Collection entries
^^^^^^^^

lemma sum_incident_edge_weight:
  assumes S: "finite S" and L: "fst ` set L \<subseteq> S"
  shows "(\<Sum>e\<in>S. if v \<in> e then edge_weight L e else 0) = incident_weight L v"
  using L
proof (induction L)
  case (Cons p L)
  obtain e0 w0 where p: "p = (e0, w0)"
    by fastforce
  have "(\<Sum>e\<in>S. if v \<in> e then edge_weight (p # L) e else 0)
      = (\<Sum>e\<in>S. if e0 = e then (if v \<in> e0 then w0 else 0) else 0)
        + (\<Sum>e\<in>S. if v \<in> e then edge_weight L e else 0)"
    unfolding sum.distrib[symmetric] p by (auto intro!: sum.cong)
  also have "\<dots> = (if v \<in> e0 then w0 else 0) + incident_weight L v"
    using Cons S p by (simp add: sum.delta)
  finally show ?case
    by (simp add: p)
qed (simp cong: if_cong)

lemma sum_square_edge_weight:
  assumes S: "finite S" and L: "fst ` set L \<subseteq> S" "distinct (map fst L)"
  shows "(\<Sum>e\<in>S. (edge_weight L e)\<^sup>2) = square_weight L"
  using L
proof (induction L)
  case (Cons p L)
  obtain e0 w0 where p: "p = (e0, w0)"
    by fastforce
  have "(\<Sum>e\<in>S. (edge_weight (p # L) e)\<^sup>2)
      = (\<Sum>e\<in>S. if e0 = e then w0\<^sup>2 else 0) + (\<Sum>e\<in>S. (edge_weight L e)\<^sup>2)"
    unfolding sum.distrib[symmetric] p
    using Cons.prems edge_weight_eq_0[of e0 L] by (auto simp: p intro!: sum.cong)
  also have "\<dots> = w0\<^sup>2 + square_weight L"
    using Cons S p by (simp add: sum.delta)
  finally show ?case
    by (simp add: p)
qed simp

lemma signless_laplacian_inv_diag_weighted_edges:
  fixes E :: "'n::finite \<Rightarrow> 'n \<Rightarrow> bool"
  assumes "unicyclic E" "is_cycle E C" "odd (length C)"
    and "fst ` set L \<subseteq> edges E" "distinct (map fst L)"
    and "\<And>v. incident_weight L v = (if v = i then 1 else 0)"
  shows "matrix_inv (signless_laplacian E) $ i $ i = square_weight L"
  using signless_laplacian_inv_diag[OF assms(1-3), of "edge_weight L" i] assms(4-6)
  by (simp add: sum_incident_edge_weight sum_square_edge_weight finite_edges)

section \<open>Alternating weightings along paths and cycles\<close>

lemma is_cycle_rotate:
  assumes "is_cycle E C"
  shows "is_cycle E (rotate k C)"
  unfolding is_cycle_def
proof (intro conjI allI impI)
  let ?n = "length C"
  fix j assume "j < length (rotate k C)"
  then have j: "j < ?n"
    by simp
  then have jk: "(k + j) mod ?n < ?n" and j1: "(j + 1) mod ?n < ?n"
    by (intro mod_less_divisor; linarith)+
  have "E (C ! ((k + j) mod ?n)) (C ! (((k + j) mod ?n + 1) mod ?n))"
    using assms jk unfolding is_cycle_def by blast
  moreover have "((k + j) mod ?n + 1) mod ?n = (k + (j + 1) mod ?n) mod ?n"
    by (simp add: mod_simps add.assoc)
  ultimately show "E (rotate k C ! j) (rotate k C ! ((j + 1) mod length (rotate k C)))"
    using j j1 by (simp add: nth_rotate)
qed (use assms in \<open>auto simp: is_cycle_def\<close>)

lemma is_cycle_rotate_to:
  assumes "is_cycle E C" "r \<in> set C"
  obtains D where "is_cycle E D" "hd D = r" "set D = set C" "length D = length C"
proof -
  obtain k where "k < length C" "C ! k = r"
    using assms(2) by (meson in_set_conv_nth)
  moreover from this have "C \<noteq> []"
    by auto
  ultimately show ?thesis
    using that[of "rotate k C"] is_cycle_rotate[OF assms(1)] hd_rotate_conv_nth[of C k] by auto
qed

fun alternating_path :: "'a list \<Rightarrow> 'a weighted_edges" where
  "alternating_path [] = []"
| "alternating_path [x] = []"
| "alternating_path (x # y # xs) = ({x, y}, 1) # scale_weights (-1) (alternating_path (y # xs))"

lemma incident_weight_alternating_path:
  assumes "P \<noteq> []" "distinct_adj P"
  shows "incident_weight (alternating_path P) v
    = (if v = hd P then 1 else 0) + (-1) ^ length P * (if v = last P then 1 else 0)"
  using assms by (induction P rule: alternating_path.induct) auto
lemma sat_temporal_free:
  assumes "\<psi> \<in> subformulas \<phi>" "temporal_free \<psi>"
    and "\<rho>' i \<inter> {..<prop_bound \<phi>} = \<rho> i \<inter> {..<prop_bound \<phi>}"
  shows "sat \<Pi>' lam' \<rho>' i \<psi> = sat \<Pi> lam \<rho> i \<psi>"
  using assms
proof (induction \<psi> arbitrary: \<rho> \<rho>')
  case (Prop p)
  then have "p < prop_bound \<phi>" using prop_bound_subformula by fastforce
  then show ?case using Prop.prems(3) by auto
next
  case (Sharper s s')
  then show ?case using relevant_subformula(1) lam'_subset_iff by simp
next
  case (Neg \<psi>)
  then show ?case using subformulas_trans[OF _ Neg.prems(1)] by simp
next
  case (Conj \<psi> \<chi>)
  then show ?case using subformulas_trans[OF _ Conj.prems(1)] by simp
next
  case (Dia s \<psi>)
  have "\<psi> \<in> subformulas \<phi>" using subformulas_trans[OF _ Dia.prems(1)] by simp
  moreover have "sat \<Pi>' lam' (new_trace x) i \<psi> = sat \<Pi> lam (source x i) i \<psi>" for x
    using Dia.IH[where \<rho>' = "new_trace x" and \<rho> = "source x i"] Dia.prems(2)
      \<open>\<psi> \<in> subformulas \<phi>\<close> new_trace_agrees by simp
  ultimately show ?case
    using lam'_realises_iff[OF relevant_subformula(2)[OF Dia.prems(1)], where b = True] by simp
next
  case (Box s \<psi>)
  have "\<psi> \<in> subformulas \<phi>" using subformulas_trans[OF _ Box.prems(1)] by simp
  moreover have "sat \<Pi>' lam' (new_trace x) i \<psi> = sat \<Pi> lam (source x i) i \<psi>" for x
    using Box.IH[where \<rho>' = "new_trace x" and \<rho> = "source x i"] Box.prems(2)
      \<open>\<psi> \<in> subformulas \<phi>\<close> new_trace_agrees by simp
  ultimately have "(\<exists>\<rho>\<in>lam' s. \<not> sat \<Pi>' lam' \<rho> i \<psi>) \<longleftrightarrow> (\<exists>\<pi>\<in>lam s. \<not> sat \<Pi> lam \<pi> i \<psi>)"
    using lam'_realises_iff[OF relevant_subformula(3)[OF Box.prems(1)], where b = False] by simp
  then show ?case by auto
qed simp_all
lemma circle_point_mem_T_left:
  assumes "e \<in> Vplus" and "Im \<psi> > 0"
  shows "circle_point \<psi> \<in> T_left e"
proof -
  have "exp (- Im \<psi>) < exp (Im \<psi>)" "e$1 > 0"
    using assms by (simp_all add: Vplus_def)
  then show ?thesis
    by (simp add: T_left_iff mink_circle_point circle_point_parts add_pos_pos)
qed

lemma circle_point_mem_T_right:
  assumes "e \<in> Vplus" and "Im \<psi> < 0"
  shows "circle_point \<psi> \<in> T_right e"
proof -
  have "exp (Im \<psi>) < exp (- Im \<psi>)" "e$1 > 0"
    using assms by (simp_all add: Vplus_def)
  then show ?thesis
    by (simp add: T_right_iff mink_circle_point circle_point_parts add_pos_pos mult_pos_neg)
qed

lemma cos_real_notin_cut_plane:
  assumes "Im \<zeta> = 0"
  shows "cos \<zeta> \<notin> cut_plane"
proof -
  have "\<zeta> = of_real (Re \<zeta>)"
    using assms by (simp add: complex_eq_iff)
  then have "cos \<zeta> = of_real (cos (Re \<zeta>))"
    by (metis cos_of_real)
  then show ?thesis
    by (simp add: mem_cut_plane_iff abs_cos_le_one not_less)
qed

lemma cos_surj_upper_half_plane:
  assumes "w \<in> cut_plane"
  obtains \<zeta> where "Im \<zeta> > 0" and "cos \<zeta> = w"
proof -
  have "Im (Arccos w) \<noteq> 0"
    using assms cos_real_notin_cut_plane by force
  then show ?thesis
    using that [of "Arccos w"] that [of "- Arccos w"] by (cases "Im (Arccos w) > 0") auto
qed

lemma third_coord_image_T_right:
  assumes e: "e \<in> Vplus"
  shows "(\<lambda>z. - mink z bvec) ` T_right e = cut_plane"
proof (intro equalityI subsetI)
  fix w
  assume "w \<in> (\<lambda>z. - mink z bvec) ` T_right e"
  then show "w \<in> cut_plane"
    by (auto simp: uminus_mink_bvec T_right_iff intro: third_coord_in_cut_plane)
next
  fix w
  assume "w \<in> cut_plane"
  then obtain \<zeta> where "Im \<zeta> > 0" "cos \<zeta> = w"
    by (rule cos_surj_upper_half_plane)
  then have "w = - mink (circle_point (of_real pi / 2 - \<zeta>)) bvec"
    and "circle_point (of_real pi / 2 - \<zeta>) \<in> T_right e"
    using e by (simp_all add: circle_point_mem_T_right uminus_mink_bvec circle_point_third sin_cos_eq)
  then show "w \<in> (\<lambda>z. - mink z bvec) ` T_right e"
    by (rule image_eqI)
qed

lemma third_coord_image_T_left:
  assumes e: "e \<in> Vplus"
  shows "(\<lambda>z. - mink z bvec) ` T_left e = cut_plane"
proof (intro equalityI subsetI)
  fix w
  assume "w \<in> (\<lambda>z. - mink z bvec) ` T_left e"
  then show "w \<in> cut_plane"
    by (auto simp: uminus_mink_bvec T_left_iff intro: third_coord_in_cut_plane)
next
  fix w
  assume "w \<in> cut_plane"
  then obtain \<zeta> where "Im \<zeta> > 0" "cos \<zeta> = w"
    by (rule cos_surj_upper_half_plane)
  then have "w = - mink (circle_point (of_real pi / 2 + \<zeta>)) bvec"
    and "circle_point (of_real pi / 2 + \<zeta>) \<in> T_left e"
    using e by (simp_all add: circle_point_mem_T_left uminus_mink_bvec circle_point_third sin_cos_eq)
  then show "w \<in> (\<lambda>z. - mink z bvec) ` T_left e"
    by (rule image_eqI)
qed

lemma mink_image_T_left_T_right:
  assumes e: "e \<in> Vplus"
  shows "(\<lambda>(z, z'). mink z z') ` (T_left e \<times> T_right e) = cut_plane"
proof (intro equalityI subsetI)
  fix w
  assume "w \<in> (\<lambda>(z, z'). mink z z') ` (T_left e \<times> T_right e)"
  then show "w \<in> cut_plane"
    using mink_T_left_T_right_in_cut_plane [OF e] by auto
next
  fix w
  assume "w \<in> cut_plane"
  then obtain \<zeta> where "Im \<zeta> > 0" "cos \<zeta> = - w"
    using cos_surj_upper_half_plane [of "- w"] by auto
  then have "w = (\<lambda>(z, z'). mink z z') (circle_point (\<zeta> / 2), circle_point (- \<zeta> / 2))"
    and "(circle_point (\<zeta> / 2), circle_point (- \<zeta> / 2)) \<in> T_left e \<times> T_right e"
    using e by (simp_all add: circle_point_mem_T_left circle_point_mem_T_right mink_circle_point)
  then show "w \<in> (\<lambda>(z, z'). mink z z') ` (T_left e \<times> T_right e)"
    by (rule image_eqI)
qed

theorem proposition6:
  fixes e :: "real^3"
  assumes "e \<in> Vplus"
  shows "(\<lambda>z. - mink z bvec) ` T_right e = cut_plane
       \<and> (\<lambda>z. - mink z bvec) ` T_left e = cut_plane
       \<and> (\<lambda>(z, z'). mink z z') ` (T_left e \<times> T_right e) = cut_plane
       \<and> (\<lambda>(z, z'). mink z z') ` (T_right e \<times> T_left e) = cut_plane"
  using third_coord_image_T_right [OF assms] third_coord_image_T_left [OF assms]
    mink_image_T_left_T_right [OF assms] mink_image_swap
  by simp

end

^^^^^^^^

### [REQUIRED ACTION]
Among the lines above, find those holding the word "distrib" and state how many there are, number only.

### [TASK OUTPUT]
2